Responsable : 
Jonas-Sébastien Beaudry

Établissement : 
Université McGill

Année de concours : 
2020-2021

Table des matières

  1. Résumé du projet

1. Résumé du projet

Oppression somatique et autonomie relationnelle: réexaminer l’aide médicale à mourir dans une optique féministe

L’aide médicale à mourir (AMM) est devenue une composante du paysage médico-légal canadien par le biais de procédures judiciaires et législatives successives, à commencer par la Loi sur les soins de fin de vie du Québec en 2014 et aboutissant par la modification du Code criminel en 2016. Deux positions principales concernant l’accès à l’AMM ont émergé dans les discours publics et universitaires : (1) une position restrictive préconisant une interdiction ou des conditions d’éligibilité plus stricts et (2) une stratégie expansionniste préconisant un accès plus large à l’AMM. La position restrictive s’articule autour de l’importance de protéger les personnes vulnérables et la politique expansionniste repose sur la valeur de l’autonomie.

Bien que les deux positions reconnaissent l’impact de l’oppression (en particulier du « capacitisme ») sur l’autonomie, elles n’ont pas de conceptions relationnelles (1) des dimensions de l’autonomie en jeu (actuellement axées sur le « consentement ») ; (2) des menaces qui pèsent sur l’autonomie (présentement limitées aux notions viciant le consentement) ; (3) de l’injustice de cette menace (actuellment formulée en termes de paternalisme et violation de l’intégrité physique) ; (4) des recours nécessaires (présentement : accès ou non-accès à l’AMM).

En conséquence, un certain nombre de problèmes, tels que l’oppression intériorisée et la pénurie d’options sociales, n’ont pas reçu suffisamment d’attention. Ces problèmes seraient mieux confrontés si les discussions juridiques incorporaient les notions d’oppression somatique (discrimination et stigmatisation fondées sur des aspects corporels), développée en études sur le handicap, et d’autonomie relationnelle, développée en théorie féministe.

Le concept d’autonomie relationnelle a gagné en popularité dans les cercles philosophiques et juridiques au cours des trente dernières années.
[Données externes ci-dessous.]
lemma nn_integral_indicator_quadrant_map:
  assumes [measurable]: "p \<in> K \<rightarrow>\<^sub>M borel" and p: "distr K borel p = quarter_uniform"
    and [measurable]: "Y \<in> sets borel"
  shows "(\<integral>\<^sup>+z. indicator Y (quadrant_map j (p z)) \<partial>K)
    = emeasure lborel ({0..pi/2} \<inter> quadrant_map j -` Y) / ennreal (pi/2)"
proof -
  have vimage: "quadrant_map j -` Y \<in> sets borel"
    using measurable_sets_borel[OF borel_measurable_quadrant_map] by simp
  have "(\<integral>\<^sup>+z. indicator Y (quadrant_map j (p z)) \<partial>K)
      = (\<integral>\<^sup>+x. indicator (quadrant_map j -` Y) x \<partial>distr K borel p)"
    by (subst nn_integral_distr) (auto simp: indicator_def)
  also have "\<dots> = emeasure quarter_uniform (quadrant_map j -` Y)"
    unfolding p using vimage by (intro nn_integral_indicator) simp
  finally show ?thesis
    using vimage by (subst (asm) emeasure_uniform_measure) (auto simp: Int_commute)
qed

lemma nn_integral_quadrant_indicator:
  assumes [measurable]: "p \<in> K \<rightarrow>\<^sub>M borel" and p: "distr K borel p = quarter_uniform"
    and Y[measurable]: "Y \<in> sets borel"
  shows "(\<integral>\<^sup>+z. (\<Sum>j\<in>{0,1,2,3}. indicator Y (quadrant_map j (p z))) / 4 \<partial>K) = emeasure circle_uniform Y"
proof -
  have "(\<integral>\<^sup>+z. (\<Sum>j\<in>{0,1,2,3}. indicator Y (quadrant_map j (p z))) / 4 \<partial>K)
      = (\<Sum>j\<in>{0,1,2,3}. (\<integral>\<^sup>+z. indicator Y (quadrant_map j (p z)) \<partial>K)) / 4"
    by (subst nn_integral_divide, measurable, subst nn_integral_sum, measurable)
  also have "\<dots> = (\<Sum>j\<in>{0,1,2,3}. emeasure lborel ({0..pi/2} \<inter> quadrant_map j -` Y)) / ennreal (pi/2) / 4"
    by (simp only: nn_integral_indicator_quadrant_map[OF assms])
      (simp add: divide_ennreal_def distrib_right)
  also have "\<dots> = emeasure lborel ({0..<2*pi} \<inter> Y) / ennreal (2 * pi)"
    by (simp only: sum_emeasure_quarter_vimage_quadrant_map[OF Y] ennreal_divide_half_pi_divide_4)
  also have "\<dots> = emeasure circle_uniform Y"
    by (simp add: emeasure_uniform_measure)
  finally show ?thesis .
qed
definition fusion :: "nat \<Rightarrow> nat \<Rightarrow> nat \<Rightarrow> complex" where
  "fusion l m n = (\<Sum>r<8. S l r * S m r * cnj (S n r) / S 0 r)"

text \<open>Modular invariants as functions Z l m (coefficient of chi_l chi_m^*).\<close>

definition lin_prod :: "(nat \<Rightarrow> nat) \<Rightarrow> (nat \<Rightarrow> nat) \<Rightarrow> nat \<Rightarrow> nat \<Rightarrow> nat" where
  "lin_prod s t l m = s l * t m"

definition vec_of :: "nat list \<Rightarrow> nat \<Rightarrow> nat" where
  "vec_of xs l = (if l < length xs then xs ! l else 0)"

definition s2 :: "nat \<Rightarrow> nat" where "s2 = vec_of [1,1,2,0,0,0,0,0]"
definition s3 :: "nat \<Rightarrow> nat" where "s3 = vec_of [1,1,0,2,0,0,0,0]"
definition s4 :: "nat \<Rightarrow> nat" where "s4 = vec_of [1,0,1,0,0,0,1,0]"
definition s5 :: "nat \<Rightarrow> nat" where "s5 = vec_of [1,0,0,1,0,0,1,0]"

definition mat_of :: "nat list list \<Rightarrow> nat \<Rightarrow> nat \<Rightarrow> nat" where
  "mat_of xss l m = (if l < length xss \<and> m < length (xss ! l) then xss ! l ! m else 0)"

definition Z24 where "Z24 = lin_prod s2 s4"
definition Z42 where "Z42 = lin_prod s4 s2"
definition Z35 where "Z35 = lin_prod s3 s5"
definition Z53 where "Z53 = lin_prod s5 s3"
definition Z44 where "Z44 = lin_prod s4 s4"

text \<open>Z_(44) = |chi0+chi2|^2 + chi1 chi6^* + chi2 chi6^* + chi6 chi1^* + chi6 chi2^* + |chi7|^2\<close>
definition Z44p :: "nat \<Rightarrow> nat \<Rightarrow> nat" where
  "Z44p = mat_of [[1,0,1,0,0,0,0,0],
                  [0,0,0,0,0,0,1,0],
                  [1,0,1,0,0,0,1,0],
                  [0,0,0,0,0,0,0,0],
                  [0,0,0,0,0,0,0,0],
                  [0,0,0,0,0,0,0,0],
                  [0,1,1,0,0,0,0,0],
                  [0,0,0,0,0,0,0,1]]"

text \<open>Z_(55) = |chi0+chi3|^2 + chi1 chi6^* + chi3 chi6^* + chi6 chi1^* + chi6 chi3^* + |chi7|^2\<close>
definition Z55p :: "nat \<Rightarrow> nat \<Rightarrow> nat" where
  "Z55p = mat_of [[1,0,0,1,0,0,0,0],
                  [0,0,0,0,0,0,1,0],
                  [0,0,0,0,0,0,0,0],
                  [1,0,0,1,0,0,1,0],
                  [0,0,0,0,0,0,0,0],
                  [0,0,0,0,0,0,0,0],
                  [0,1,0,1,0,0,0,0],
                  [0,0,0,0,0,0,0,1]]"

definition trace8 :: "(nat \<Rightarrow> nat \<Rightarrow> nat) \<Rightarrow> nat" where
  "trace8 Z = (\<Sum>m<8. Z m m)"

definition Exp :: "(nat \<Rightarrow> nat \<Rightarrow> nat) \<Rightarrow> nat multiset" where
  "Exp Z = (\<Sum>m<8. replicate_mset (Z m m) m)"

text \<open>A nimrep of dimension n: G l i j is the (i,j) entry of G_l, for l < 8 and i,j < n.
  Entries are natural numbers (non-negative integers).\<close>
definition nimrep :: "nat \<Rightarrow> (nat \<Rightarrow> nat \<Rightarrow> nat \<Rightarrow> nat) \<Rightarrow> bool" where
  "nimrep n G \<longleftrightarrow>
     (\<forall>i<n. \<forall>j<n. G 0 i j = (if i = j then 1 else 0)) \<and>
     (\<forall>l<8. \<forall>i<n. \<forall>j<n. G (prim_conj l) i j = G l j i) \<and>
     (\<forall>l<8. \<forall>m<8. \<forall>i<n. \<forall>j<n.
        of_nat (\<Sum>k<n. G l i k * G m k j) = (\<Sum>v<8. fusion l m v * of_nat (G v i j)))"

definition nimrep_equiv ::
  "nat \<Rightarrow> (nat \<Rightarrow> nat \<Rightarrow> nat \<Rightarrow> nat) \<Rightarrow> nat \<Rightarrow> (nat \<Rightarrow> nat \<Rightarrow> nat \<Rightarrow> nat) \<Rightarrow> bool" where
  "nimrep_equiv n G n' G' \<longleftrightarrow> n = n' \<and>
     (\<exists>p. p permutes {..<n} \<and> (\<forall>l<8. \<forall>i<n. \<forall>j<n. G' l i j = G l (p i) (p j)))"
Ses partisans considèrent l’autonomie comme une capacité qui s’exerce socialement dans le processus de construction d’un « moi relationnel ». Les bioéthiciens féministes ont utilisé « l’autonomie relationnelle » pour critiquer les limites de la doctrine du «consentement libre et éclairé» dans le contexte des soins de santé. Il est surprenant qu’au milieu de polémiques polarisant la communauté des personnes handicapées, le public et les universitaires, les théoriciens de l’autonomie relationnelle n’aient pas prêté attention aux types d’oppression susceptibles d’affecter l’autonomie des populations socialement vulnérables dans le contexte de l’aide médicale à mourir.

Ce projet interdisciplinaire propose de faire appel aux théories relationnelles et aux études sur le handicap pour permettre aux chercheurs en droit de remédier à cette lacune. Plus spécifiquement, il opérationnalisera les conceptions « d’oppression somatique » et « d’autonomie relationnelle » dans une analyse juridique des droits à  la liberté.

Cet appareil conceptuel profitera aux activistes et aux juristes engagés dans des consultations gouvernementales et des litiges stratégiques, par exemple, en justifiant de développer un soutien social adéquat pour les patients envisageant l’AMM. Si nos recherches suggèrent que l’oppression somatique constitue une menace plausible à l’autonomie des patients, mes résultats pourront servir de base conceptuelle à des recherches empiriques permettant de déterminer quels facteurs sociaux liés à la suicidalité ont un impact concret sur la prise de décision des patients et s’ils peuvent être circonscrits par des mesures sociales.